Just try to remember, people, that these punks are cowardly toadies, stereotypes of schoolyard bullies, really. They know they’re outnumbered by a growing majority and can resort with nothing but bluster. Their Dear Leader’s gotten punched in the nose and is practically down for the count and they don’t know what to do when he’s too busy trying to stanch the flow of blood to give them their new marching orders. Put these wet-legged fucks on national radio, on national TV and they fold faster than a dropped accordion.

Glenn Greenwald proved that on Alan Colmes’s show on the 15th when he’d confronted Frank Gaffney. While remaining civil and factual, Greenwald was able to get Gaffney to lose his cool when he kept hammering home the cold, hard facts that most of us already take for granted. All Gaffney could respond with, besides curse words, was the mantra, “Debate has consequences”, while mealy-mouthing qualifications such as, “Everyone has the right to their opinion, but… ” and “Of course we should be free to dissent, but…”

Of course, what Gaffney was saying in his Moonie Times article was, Of course, we can debate and dissent in a time of war but we ought to shadow box and never take the gloves off.

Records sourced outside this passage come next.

section \<open>Zeros of the generator polynomial\<close>

lemma prod_linear_factors_dvd:
  fixes c :: "'a::idom poly"
  assumes "finite A" "\<And>a. a \<in> A \<Longrightarrow> poly c a = 0"
  shows "(\<Prod>a\<in>A. [:-a, 1:]) dvd c"
  using assms
proof (induction A arbitrary: c rule: finite_induct)
  case empty
  then show ?case
    by simp
next
  case (insert a A)
  then obtain q where q: "c = [:-a, 1:] * q"
    by (metis insertI1 poly_eq_0_iff_dvd dvdE)
  have "poly q b = 0" if "b \<in> A" for b
    using insert.hyps(2) insert.prems[of b] that q by auto
  then have "(\<Prod>a\<in>A. [:-a, 1:]) dvd q"
    using insert.IH by blast
  then have "[:-a, 1:] * (\<Prod>a\<in>A. [:-a, 1:]) dvd c"
    unfolding q by (rule mult_dvd_mono[OF dvd_refl])
  then show ?case
    using insert.hyps by simp
qed

lemma min_poly_mult_dvd:
  fixes \<alpha> :: "'a::field" and c :: "'a poly"
  assumes "prim_root n \<alpha>" "odd n" "j < n" "j \<notin> cyc_coset n i"
    and "\<And>t. t \<in> cyc_coset n i \<union> cyc_coset n j \<Longrightarrow> poly c (\<alpha> ^ t) = 0"
  shows "min_poly n \<alpha> i * min_poly n \<alpha> j dvd c"
proof -
  let ?U = "cyc_coset n i \<union> cyc_coset n j"
  have "0 < n"
    using assms(3) by simp
  have "cyc_coset n i \<inter> cyc_coset n j = {}"
    using cyc_coset_disjoint assms(2-4) by simp
  then have "min_poly n \<alpha> i * min_poly n \<alpha> j = (\<Prod>t\<in>?U. [:-(\<alpha> ^ t), 1:])"
    unfolding min_poly_def using finite_cyc_coset[OF \<open>0 < n\<close>] by (simp add: prod.union_disjoint)
  also have "\<dots> = (\<Prod>a\<in>(\<lambda>t. \<alpha> ^ t) ` ?U. [:-a, 1:])"
    using inj_on_subset[OF inj_on_prim_root_power[OF assms(1) \<open>0 < n\<close>]]
      cyc_coset_subset[OF \<open>0 < n\<close>] by (simp add: prod.reindex)
  also have "\<dots> dvd c"
    using finite_cyc_coset[OF \<open>0 < n\<close>] assms(5) by (intro prod_linear_factors_dvd) auto
  finally show ?thesis .
qed

lemma min_poly_dvd_imp_root:
  assumes "i < n" "min_poly n \<alpha> i dvd c"
  shows "poly c (\<alpha> ^ i) = 0"
proof -
  have "[:-(\<alpha> ^ i), 1:] dvd min_poly n \<alpha> i"
    unfolding min_poly_def using finite_cyc_coset self_in_cyc_coset assms(1)
    by (intro dvd_prodI) auto
  then show ?thesis
    using assms(2) dvd_trans poly_eq_0_iff_dvd by blast
qed

section \<open>Codewords of weight at most two\<close>

lemma coeff_support_subset_atMost_degree: "{k. coeff c k \<noteq> 0} \<subseteq> {..degree c}"
  by (auto intro: le_degree)

lemma finite_coeff_support: "finite {k. coeff c k \<noteq> 0}"
  using coeff_support_subset_atMost_degree finite_subset by blast

lemma poly_binary_poly:
  assumes "binary_poly c"
  shows "poly c x = (\<Sum>k | coeff c k \<noteq> 0. x ^ k)"
proof -
  have "poly c x = (\<Sum>k\<le>degree c. coeff c k * x ^ k)"
    by (rule poly_altdef)
  also have "\<dots> = (\<Sum>k | coeff c k \<noteq> 0. coeff c k * x ^ k)"
    using coeff_support_subset_atMost_degree by (intro sum.mono_neutral_right) auto
  also have "\<dots> = (\<Sum>k | coeff c k \<noteq> 0. x ^ k)"
    using assms by (intro sum.cong) (auto simp: binary_poly_def)
  finally show ?thesis .
qed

If not, you run the risk of winding up like Saddam because Abe Lincoln said we can hang you. But Gaffney was such a fucking coward about it on national radio that he rather would’ve gotten a blowjob by a piranha than defend his insane propositions.

We stand by our convictions, we stand by our own. We believe in collective and personal responsibility and not disavowing our own when they say incendiary things. Of course, we usually don’t arouse passions by threatening the lives of others, so it’s easier for us to circle the wagons.

Neoconservatives? After inviting and inciting violence and threats, they back away from their own readers and viewers and never once does any one of them ever say, “I’m Spartacus!”